ВЕНИАМИН СМЕХОВ: "МЕНЯ И ЗБРУЕВА ОТЧИСЛЯЛИ ЗА ПРОФНЕПРИГОДНОСТЬ".
Только что в Москве в Российском академическом молодежном театре состоялась премьера спектакля по пьесе
Николая Эрдмана "Самоубийца" в постановке Вениамина Смехова. С режиссером спектакля встретился специальный
корреспондент "Известий" Артур Соломонов.
- В шестидесятые годы вы присутствовали при том, как сам Николай Эрдман читал пьесу "Самоубийца" в
Театре на Таганке. Наверняка в чтении драматурга уже заключался будущий спектакль.
- Я заболел тогда этой пьесой - меня охватила, как говорил Маяковский, "прекрасная болезнь". Мы все были
поражены манерой чтения Эрдмана - в нем уже заключались и поэзия, и сарказм, и анекдот, и глубина трагедии.
Когда Эрдман в тридцать лет читал эту пьесу Станиславскому, тот кричал: "Гоголь! Гоголь!" и трижды просил
сделать перерыв, "чтобы не умереть от смеха". А потом Станиславский попросил Эрдмана прочесть пьесу тогдашним
великим мхатовцам. И после этого Эрдман стал их другом. Они почитали его первым драматургом страны - правда,
увы, запрещенным к исполнению на сценах и МХАТа, и театра Вс. Мейерхольда.

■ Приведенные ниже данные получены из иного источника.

text \<open>The matching substitution is the reduced one outside the left-hand side, so that the
  conditions, whose right-hand sides avoid the variables of the left-hand side, stay joinable.\<close>
lemma root_step_from_rsteps_match:
  assumes "cctrs_rule R \<rho>" and "root_step R \<rho> (lhs \<rho> \<cdot> \<tau>) u"
    and red: "\<And>x. x \<in> vars_term (lhs \<rho>) \<Longrightarrow> (rstep R)\<^sup>*\<^sup>* (\<sigma> x) (\<tau> x)"
  shows "\<exists>v. root_step R \<rho> (lhs \<rho> \<cdot> \<sigma>) v \<and> (rstep R)\<^sup>*\<^sup>* v u"
proof -
  from assms(1) have disj_nth:
      "\<forall>i < length (conds \<rho>). vars_term (lhs \<rho>) \<inter> vars_term (snd (conds \<rho> ! i)) = {}"
    unfolding cctrs_rule_def Let_def by blast
  have disj: "vars_term (lhs \<rho>) \<inter> vars_term b = {}" if "(a, b) \<in> set (conds \<rho>)" for a b
    using that disj_nth by (metis in_set_conv_nth snd_conv)
  from assms(2) obtain \<mu> where "\<rho> \<in> R" and match: "lhs \<rho> \<cdot> \<tau> = lhs \<rho> \<cdot> \<mu>"
    and u: "u = rhs \<rho> \<cdot> \<mu>"
    and cond: "\<forall>(a, b) \<in> set (conds \<rho>). (rstep R)\<^sup>*\<^sup>* (a \<cdot> \<mu>) (b \<cdot> \<mu>)"
    unfolding root_step_def by blast
  define \<sigma>' where "\<sigma>' x = (if x \<in> vars_term (lhs \<rho>) then \<sigma> x else \<mu> x)" for x
  have "lhs \<rho> \<cdot> \<sigma>' = lhs \<rho> \<cdot> \<sigma>"
    by (simp add: subst_eq_conv \<sigma>'_def)
  have \<sigma>'_\<mu>: "(rstep R)\<^sup>*\<^sup>* (\<sigma>' x) (\<mu> x)" for x
    using red match by (auto simp: \<sigma>'_def subst_eq_conv)
  have "(rstep R)\<^sup>*\<^sup>* (a \<cdot> \<sigma>') (b \<cdot> \<sigma>')" if ab: "(a, b) \<in> set (conds \<rho>)" for a b
  proof -
    have "(rstep R)\<^sup>*\<^sup>* (a \<cdot> \<sigma>') (a \<cdot> \<mu>)"
      using \<sigma>'_\<mu> by (rule rsteps_subst)
    also have "(rstep R)\<^sup>*\<^sup>* (a \<cdot> \<mu>) (b \<cdot> \<mu>)"
      using cond ab by auto
    also have "b \<cdot> \<mu> = b \<cdot> \<sigma>'"
      using disj[OF ab] by (auto simp: subst_eq_conv \<sigma>'_def)
    finally show ?thesis .
  qed
  with \<open>\<rho> \<in> R\<close> \<open>lhs \<rho> \<cdot> \<sigma>' = lhs \<rho> \<cdot> \<sigma>\<close>
  have "root_step R \<rho> (lhs \<rho> \<cdot> \<sigma>) (rhs \<rho> \<cdot> \<sigma>')"
    unfolding root_step_def by (auto intro!: exI[of _ \<sigma>'])
  moreover have "(rstep R)\<^sup>*\<^sup>* (rhs \<rho> \<cdot> \<sigma>') u"
    unfolding u using \<sigma>'_\<mu> by (rule rsteps_subst)
  ultimately show ?thesis by blast
qed

theorem lemma3p1:
  fixes R :: "('f, 'v) crule set" and \<rho> :: "('f, 'v) crule"
    and s t u :: "('f, 'v) term" and \<sigma> :: "'v \<Rightarrow> ('f, 'v) term"
  assumes "cctrs R"
    and "\<rho> \<in> R"
    and "s = lhs \<rho> \<cdot> \<sigma>"
    and "(nonroot_step R)\<^sup>*\<^sup>* s t"
    and "root_step R \<rho> t u"
  shows "\<exists>v. root_step R \<rho> s v \<and> (rstep R)\<^sup>*\<^sup>* v u"
proof -
  from assms(5) obtain \<tau> where t: "t = lhs \<rho> \<cdot> \<tau>"
    unfolding root_step_def by blast
  from assms(1-4) have "pattern_rsteps R (lhs \<rho>) (lhs \<rho> \<cdot> \<sigma>) (lhs \<rho> \<cdot> \<tau>)"
    unfolding t by (auto intro: pattern_rsteps_lhs)
  then have "(rstep R)\<^sup>*\<^sup>* (\<sigma> x) (\<tau> x)" if "x \<in> vars_term (lhs \<rho>)" for x
    using that by (rule pattern_rsteps_subst)
  moreover have "cctrs_rule R \<rho>"
    using assms(1,2) unfolding cctrs_def by blast
  ultimately show ?thesis
    using assms(3,5) t by (auto intro: root_step_from_rsteps_match)
qed

end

- "Самоубийцу" в шестидесятые годы поставить в Театре на Таганке не удалось. Но потом вы участвовали
в спектакле Любимова в 1990 году и ставили "Самоубийцу" с выпускниками Канзасского университета. В какой мере
ваш новый спектакль в Молодежном театре - повторение пройденного, а в какой - освоение новой художественной
территории?
- Новый спектакль не имеет почти ничего общего с теми постановками. Репетиции в РАМТе - одни из самых
счастливых, мне повезло с артистами, и я надеюсь, что публике тоже повезет.
Да, Любимову спектакль запрещали ставить и при Фурцевой, и потом, при Демичеве. А в девяностых уже никто не
запрещал, наоборот, надо было упрашивать Юрия Петровича, чтобы он поставил свою любимую пьесу.
Мне посчастливилось встречаться с Николаем Робертовичем Эрдманом, я тогда не знал цены этим встречам. Но
теперь, с каждым годом, приходит понимание, каким колоссальным явлением в русском театре и литературе был
Эрдман.
Образ Эрдмана помогал в работе и Любимову, и нам, актерам: например, мне - в работе над ролью Клавдия в
"Гамлете", а еще больше - в роли Воланда в "Мастере и Маргарите". Ведь Эрдман - человек, которому, по словам
Любимова, советская жизнь была абсолютно ясна, а потому безнадежно неинтересна.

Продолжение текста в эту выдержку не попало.